All About Multiple Sclerosis

More MS news articles for May 2003

High-dose immunosuppressive therapy and autologous peripheral blood stem cell transplantation for severe multiple sclerosis

Blood 2003 May 22
Nash RA, Bowen JD, McSweeney PA, Pavletic SZ, Maravilla KR, Park MS, Storek J, Sullivan KM, Al-Omaishi J, Corboy JR, DiPersio J, Georges GE, Gooley TA, Holmberg LA, LeMaistre CF, Openshaw H, Sunderhaus J, Storb R, Zunt J, Kraft GH.
Fred Hutchinson Cancer Research Center, Seattle, WA, USA; University of Washington, Seattle, WA, USA.

Twenty-six patients were enrolled in a pilot study of high-dose immunosuppressive therapy (HDIT) for severe multiple sclerosis (MS).

Median baseline Expanded Disability Status Scale (EDSS) was 7.0 (5.0-8.0).

HDIT consisted of total body irradiation, cyclophosphamide and antithymocyte globulin (ATG) and was followed by transplantation of autologous, G-CSF-mobilized CD34-selected stem cells.

Regimen-related toxicities were mild.

Because of bladder dysfunction, there were eight infectious events of the lower urinary tract.

One patient died from EBV-PTLD associated with a change from horse-derived to rabbit-derived ATG in the HDIT regimen.

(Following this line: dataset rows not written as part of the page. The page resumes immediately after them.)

(* Let $\mathcal{R}$ be a TRS and $\ell \to r$ a left-linear rewrite rule. Consider a local peak $\Gamma$ of the form $t \;{}_{\mathcal{R}}\!\overset{P}{\Leftarrow}\; s \xrightarrow{\epsilon}_{\{\ell \to r\}} u$, together with a fixed choice of the rules $\ell_p \to r_p \in \mathcal{R}$ used at the positions $p \in P$ in the parallel step $s \overset{P}{\Rightarrow}_\mathcal{R} t$. (a) If $\Gamma$ is orthogonal, then there exist a term $v$ and a set $P'$ of pairwise parallel positions such that $t = v$ or $t \xrightarrow{\epsilon}_{\{\ell\to r\}} v$, and $u \overset{P'}{\Rightarrow}_\mathcal{R} v$, and $\mathcal{V}ar(v,P') \subseteq \mathcal{V}ar(s,P)$. (b) If $\Gamma$ is not orthogonal, then there exist a parallel critical peak $t_0 \;{}_{\mathcal{R}}\!\overset{P_0}{\Leftarrow}\; s_0 \xrightarrow{\epsilon}_{\{\ell \to r\}} u_0$ between $\mathcal{R}$ and $\{\ell \to r\}$ and substitutions $\sigma$, $\tau$ such that $s = s_0\sigma$, $t = t_0\tau$, $u = u_0\sigma$, $\sigma \Rightarrow_\mathcal{R} \tau$, $t_0\sigma \overset{P\setminus P_0}{\Rightarrow}_\mathcal{R} t_0\tau$, and $P_0 \subseteq P$.
   Context: Terms are built from a signature $\mathcal{F}$ and variables $\mathcal{V}$. A rule $\ell\to r$ requires $\ell\notin\mathcal{V}$ and $\mathcal{V}ar(r)\subseteq\mathcal{V}ar(\ell)$; a TRS is a set of rules, $\to_\mathcal{R}$ its rewrite relation, and $s \xrightarrow{p}_\mathcal{R} t$ denotes a step at position $p$ ($\epsilon$ is the root position). A rule is left-linear if no variable occurs twice in $\ell$. Positions $p,q$ are parallel if neither is a prefix of the other. $\mathcal{P}os_\mathcal{F}(t)$ is the set of positions of function symbols in $t$. Parallel step: for a set $P$ of pairwise parallel positions of $s$, $s \overset{P}{\Rightarrow}_\mathcal{R} t$ holds iff for every $p\in P$ there are a rule $\ell'\to r'\in\mathcal{R}$ and a substitution $\mu$ with $s|_p=\ell'\mu$ and $t|_p=r'\mu$, and $t$ coincides with $s$ outside the positions in $P$ (i.e. $t = s[t|_p]_{p\in P}$); $P=\varnothing$ gives $s=t$. $s\Rightarrow_\mathcal{R} t$ means $s \overset{P}{\Rightarrow}_\mathcal{R} t$ for some $P$, and $t \;{}_{\mathcal{R}}\!\overset{P}{\Leftarrow}\; s$ means $s \overset{P}{\Rightarrow}_\mathcal{R} t$. For substitutions, $\sigma\Rightarrow_\mathcal{R}\tau$ means $x\sigma\Rightarrow_\mathcal{R}x\tau$ for all variables $x$. $\mathcal{V}ar(t,P)=\bigcup_{p\in P}\mathcal{V}ar(t|_p)$. A local peak $t \;{}_{\mathcal{R}}\!\overset{P}{\Leftarrow}\; s \xrightarrow{\epsilon}_{\{\ell\to r\}} u$ using rule $\ell_p\to r_p$ at each $p\in P$ is orthogonal if either $P\cap\mathcal{P}os_\mathcal{F}(\ell)=\varnothing$, or $P=\{\epsilon\}$ and $\ell_\epsilon\to r_\epsilon$ is a variant of $\ell\to r$ (a variant is a rule obtained by a variable renaming). Parallel critical peak between TRSs $\mathcal{R}$ and $\mathcal{S}$: let $\ell\to r$ be a variant of an $\mathcal{S}$-rule, $P\subseteq\mathcal{P}os_\mathcal{F}(\ell)$ a non-empty set of pairwise parallel positions, and for each $p\in P$ let $\ell_p\to r_p$ be a variant of an $\mathcal{R}$-rule, such that none of the rules $\ell\to r$, $\ell_p\to r_p$ ($p\in P$) shares a variable with another, $\sigma$ is a most general unifier of $\{\ell_p\approx\ell|_p\}_{p\in P}$, and if $P=\{\epsilon\}$ then $\ell_\epsilon\to r_\epsilon$ is not a variant of $\ell\to r$. Then the peak $(\ell\sigma)[r_p\sigma]_{p\in P} \;{}_{\mathcal{R}}\!\overset{P}{\Leftarrow}\; \ell\sigma \xrightarrow{\epsilon}_\mathcal{S} r\sigma$ is a parallel critical peak between $\mathcal{R}$ and $\mathcal{S}$. *)

theory Defs
  imports Main
begin

datatype ('f, 'v) "term" = Var 'v | Fun 'f "('f, 'v) term list"

type_synonym pos = "nat list"
type_synonym ('f, 'v) rule = "('f, 'v) term \<times> ('f, 'v) term"
type_synonym ('f, 'v) subst = "'v \<Rightarrow> ('f, 'v) term"

fun vars_term :: "('f, 'v) term \<Rightarrow> 'v set" where
  "vars_term (Var x) = {x}"
| "vars_term (Fun f ss) = \<Union> (vars_term ` set ss)"

fun subst_apply :: "('f, 'v) term \<Rightarrow> ('f, 'v) subst \<Rightarrow> ('f, 'v) term" (infixl "\<cdot>" 67) where
  "Var x \<cdot> \<sigma> = \<sigma> x"
| "Fun f ss \<cdot> \<sigma> = Fun f (map (\<lambda>t. t \<cdot> \<sigma>) ss)"

definition subst_comp :: "('f, 'v) subst \<Rightarrow> ('f, 'v) subst \<Rightarrow> ('f, 'v) subst" where
  "subst_comp \<sigma> \<delta> = (\<lambda>x. \<sigma> x \<cdot> \<delta>)"

text \<open>Subterm at a position (the Var case for non-empty positions is junk).\<close>
fun subt_at :: "('f, 'v) term \<Rightarrow> pos \<Rightarrow> ('f, 'v) term" (infixl "|'_" 67) where
  "subt_at s [] = s"
| "subt_at (Fun f ss) (i # p) = subt_at (ss ! i) p"
| "subt_at (Var x) (i # p) = Var x"

lemma size_nth_less: "i < length ss \<Longrightarrow> size (ss ! i) < Suc (size_list size ss)"
  by (metis less_Suc_eq_le nth_mem size_list_estimation' order_refl)

function poss :: "('f, 'v) term \<Rightarrow> pos set" where
  "poss (Var x) = {[]}"
| "poss (Fun f ss) = insert [] (\<Union>i\<in>{..<length ss}. (\<lambda>p. i # p) ` poss (ss ! i))"
  by pat_completeness auto
termination
  by (relation "measure size") (auto simp: size_nth_less)

function fun_poss :: "('f, 'v) term \<Rightarrow> pos set" where
  "fun_poss (Var x) = {}"
| "fun_poss (Fun f ss) = insert [] (\<Union>i\<in>{..<length ss}. (\<lambda>p. i # p) ` fun_poss (ss ! i))"
  by pat_completeness auto
termination
  by (relation "measure size") (auto simp: size_nth_less)

text \<open>Parallel replacement \<open>s[f p]_{p \<in> P}\<close> (meaningful when \<open>P\<close> is a set of pairwise
  parallel positions of \<open>s\<close>).\<close>
function par_replace :: "('f, 'v) term \<Rightarrow> pos set \<Rightarrow> (pos \<Rightarrow> ('f, 'v) term) \<Rightarrow> ('f, 'v) term" where
  "par_replace s P g =
     (if [] \<in> P then g []
      else (case s of Var x \<Rightarrow> Var x
           | Fun f ss \<Rightarrow> Fun f (map (\<lambda>i. par_replace (ss ! i) {q. i # q \<in> P} (\<lambda>q. g (i # q)))
                                 [0..<length ss])))"
  by pat_completeness auto
termination
  by (relation "measure (\<lambda>(s, _, _). size s)") (auto simp: size_nth_less)
(* Let $S,T,V$ be ordered trees and let $i\colon S\to T$ and $j\colon T\to V$ be embeddings. Let $x$ be a leaf of $S$, $y$ a leaf of $T$ and $z$ a leaf of $V$. If $y$ is $i$-conjugate to $x$ and $z$ is $j$-conjugate to $y$, then $z$ is $(j\circ i)$-conjugate to $x$.
   Context: A tree is a finite, non-empty poset $(T,\sqsubseteq_T)$ with a smallest element (root) in which the predecessors of each element form a chain (each element is its own predecessor); $v\wedge_T w$ is the largest common predecessor. An ordered tree has a fixed linear order on the immediate successors of each node, inducing the lexicographic linear order $\leq_T$: $v\leq_T w$ if $v\sqsubseteq_T w$, and for incomparable $v,w$, $v\leq_T w$ iff the immediate successor of $v\wedge_T w$ below $v$ precedes the one below $w$. A morphism preserves $\wedge$, is $\leq$-monotone and maps root to root; an embedding is an injective morphism. A leaf is a $\sqsubseteq$-maximal node. For an embedding $i\colon S\to T$, a leaf $y$ of $T$ is $i$-conjugate to a leaf $x$ of $S$ if: (i) when $x$ is the $\leq_S$-largest leaf of $S$, $y$ is the $\leq_T$-largest leaf of $T$; (ii) otherwise, letting $x'$ be the $\leq_S$-smallest leaf of $S$ with $x<_S x'$, $y$ is the $\leq_T$-largest leaf of $T$ such that $y<_T i(x')$ and $i(x)\wedge_T i(x')=y\wedge_T i(x')$. *)

theory Defs
  imports Main
begin

text \<open>An ordered tree is given by a carrier set A, the tree order P (v \<sqsubseteq> w written P v w)
and a sibling order R, which linearly orders the immediate successors of each node.\<close>

definition is_tree :: "'a set \<Rightarrow> ('a \<Rightarrow> 'a \<Rightarrow> bool) \<Rightarrow> bool" where
  "is_tree A P \<longleftrightarrow> finite A \<and> A \<noteq> {}
     \<and> (\<forall>v\<in>A. P v v)
     \<and> (\<forall>v\<in>A. \<forall>w\<in>A. P v w \<and> P w v \<longrightarrow> v = w)
     \<and> (\<forall>u\<in>A. \<forall>v\<in>A. \<forall>w\<in>A. P u v \<and> P v w \<longrightarrow> P u w)
     \<and> (\<exists>r\<in>A. \<forall>v\<in>A. P r v)
     \<and> (\<forall>v\<in>A. \<forall>u\<in>A. \<forall>u'\<in>A. P u v \<and> P u' v \<longrightarrow> P u u' \<or> P u' u)"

An engraftment syndrome characterized by noninfectious fever +/- rash developed in 13 of the first 18 patients and was associated in some cases with transient worsening of neurological symptoms.

Two significant adverse neurologic events occurred, including a flare of MS during mobilization and an episode of irreversible neurological deterioration after HDIT associated with fever.

With a median follow-up of 24 (3-36) months, the Kaplan-Meier estimate of progression (>/=1.0 points EDSS) at 3 years was 27%.

Of 12 patients who had oligoclonal bands in the cerebrospinal fluid at baseline, 9 had persistence after HDIT.

Four patients developed new enhancing lesions on magnetic resonance imaging of the brain after HDIT.

The estimate of survival at 3 years was 91%.

Important clinical issues in the use of HDIT and stem cell transplantation for MS were identified; however, modifications of the initial approaches appear to reduce treatment risks.

This was a heterogeneous high-risk group, and a phase III study is planned to fully assess efficacy.